• What the task requires:
Your task is to copy every line of the entries that holds the word "case".

───── Data provided

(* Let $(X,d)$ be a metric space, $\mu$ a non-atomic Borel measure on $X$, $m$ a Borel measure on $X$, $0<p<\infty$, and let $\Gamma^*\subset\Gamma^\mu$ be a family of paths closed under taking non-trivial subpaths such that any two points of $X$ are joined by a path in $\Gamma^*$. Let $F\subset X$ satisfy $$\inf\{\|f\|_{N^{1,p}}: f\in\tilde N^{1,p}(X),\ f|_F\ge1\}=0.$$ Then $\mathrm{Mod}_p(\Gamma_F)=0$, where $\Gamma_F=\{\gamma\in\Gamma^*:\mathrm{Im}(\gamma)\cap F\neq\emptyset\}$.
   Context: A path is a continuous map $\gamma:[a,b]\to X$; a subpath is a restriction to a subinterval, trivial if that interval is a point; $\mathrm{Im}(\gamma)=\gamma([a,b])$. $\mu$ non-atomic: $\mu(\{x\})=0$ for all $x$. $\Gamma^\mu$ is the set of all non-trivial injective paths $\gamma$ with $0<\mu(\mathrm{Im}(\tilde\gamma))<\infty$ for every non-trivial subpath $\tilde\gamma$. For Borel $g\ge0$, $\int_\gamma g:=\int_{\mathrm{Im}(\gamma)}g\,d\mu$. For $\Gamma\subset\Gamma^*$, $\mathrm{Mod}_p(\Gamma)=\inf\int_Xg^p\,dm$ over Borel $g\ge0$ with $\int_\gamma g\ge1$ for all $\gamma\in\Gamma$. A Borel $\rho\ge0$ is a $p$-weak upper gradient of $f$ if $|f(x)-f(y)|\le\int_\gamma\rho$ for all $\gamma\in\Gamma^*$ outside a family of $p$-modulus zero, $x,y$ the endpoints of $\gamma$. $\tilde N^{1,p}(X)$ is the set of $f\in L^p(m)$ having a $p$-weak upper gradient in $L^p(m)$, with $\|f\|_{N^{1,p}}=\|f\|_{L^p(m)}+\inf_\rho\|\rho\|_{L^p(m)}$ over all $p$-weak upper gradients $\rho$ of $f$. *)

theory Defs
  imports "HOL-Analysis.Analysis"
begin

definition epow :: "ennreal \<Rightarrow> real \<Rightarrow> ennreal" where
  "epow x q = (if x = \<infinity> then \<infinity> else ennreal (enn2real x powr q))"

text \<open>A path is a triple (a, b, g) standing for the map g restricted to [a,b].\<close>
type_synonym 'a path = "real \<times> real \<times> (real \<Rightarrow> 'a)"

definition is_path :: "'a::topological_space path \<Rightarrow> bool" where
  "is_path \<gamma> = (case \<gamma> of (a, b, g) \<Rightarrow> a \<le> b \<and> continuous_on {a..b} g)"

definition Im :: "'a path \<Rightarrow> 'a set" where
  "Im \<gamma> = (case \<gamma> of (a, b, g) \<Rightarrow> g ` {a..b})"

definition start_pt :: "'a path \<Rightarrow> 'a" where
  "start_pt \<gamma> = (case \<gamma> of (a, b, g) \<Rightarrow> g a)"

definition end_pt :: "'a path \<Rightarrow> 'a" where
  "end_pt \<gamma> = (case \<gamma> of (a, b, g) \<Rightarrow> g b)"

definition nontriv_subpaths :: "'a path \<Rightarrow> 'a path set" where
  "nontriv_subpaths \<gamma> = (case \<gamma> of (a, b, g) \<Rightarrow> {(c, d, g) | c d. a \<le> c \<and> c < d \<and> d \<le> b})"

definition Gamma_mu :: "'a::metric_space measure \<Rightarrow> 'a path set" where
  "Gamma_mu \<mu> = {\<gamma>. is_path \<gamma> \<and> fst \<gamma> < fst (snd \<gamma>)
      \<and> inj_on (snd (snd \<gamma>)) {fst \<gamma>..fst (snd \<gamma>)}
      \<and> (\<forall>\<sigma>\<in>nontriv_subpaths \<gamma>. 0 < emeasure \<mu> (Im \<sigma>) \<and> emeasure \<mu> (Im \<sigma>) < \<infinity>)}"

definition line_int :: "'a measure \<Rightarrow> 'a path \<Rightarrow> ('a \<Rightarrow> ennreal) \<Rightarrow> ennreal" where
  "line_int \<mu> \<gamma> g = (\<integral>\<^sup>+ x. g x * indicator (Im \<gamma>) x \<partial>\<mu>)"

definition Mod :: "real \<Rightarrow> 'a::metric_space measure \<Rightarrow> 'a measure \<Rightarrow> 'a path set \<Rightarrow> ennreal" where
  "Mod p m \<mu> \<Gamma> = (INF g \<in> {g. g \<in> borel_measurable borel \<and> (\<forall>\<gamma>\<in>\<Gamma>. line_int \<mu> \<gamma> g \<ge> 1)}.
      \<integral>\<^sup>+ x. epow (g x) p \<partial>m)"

──────────

• Solution to this task:
  "is_path \<gamma> = (case \<gamma> of (a, b, g) \<Rightarrow> a \<le> b \<and> continuous_on {a..b} g)"
  "Im \<gamma> = (case \<gamma> of (a, b, g) \<Rightarrow> g ` {a..b})"
  "start_pt \<gamma> = (case \<gamma> of (a, b, g) \<Rightarrow> g a)"
  "end_pt \<gamma> = (case \<gamma> of (a, b, g) \<Rightarrow> g b)"
  "nontriv_subpaths \<gamma> = (case \<gamma> of (a, b, g) \<Rightarrow> {(c, d, g) | c d. a \<le> c \<and> c < d \<and> d \<le> b})"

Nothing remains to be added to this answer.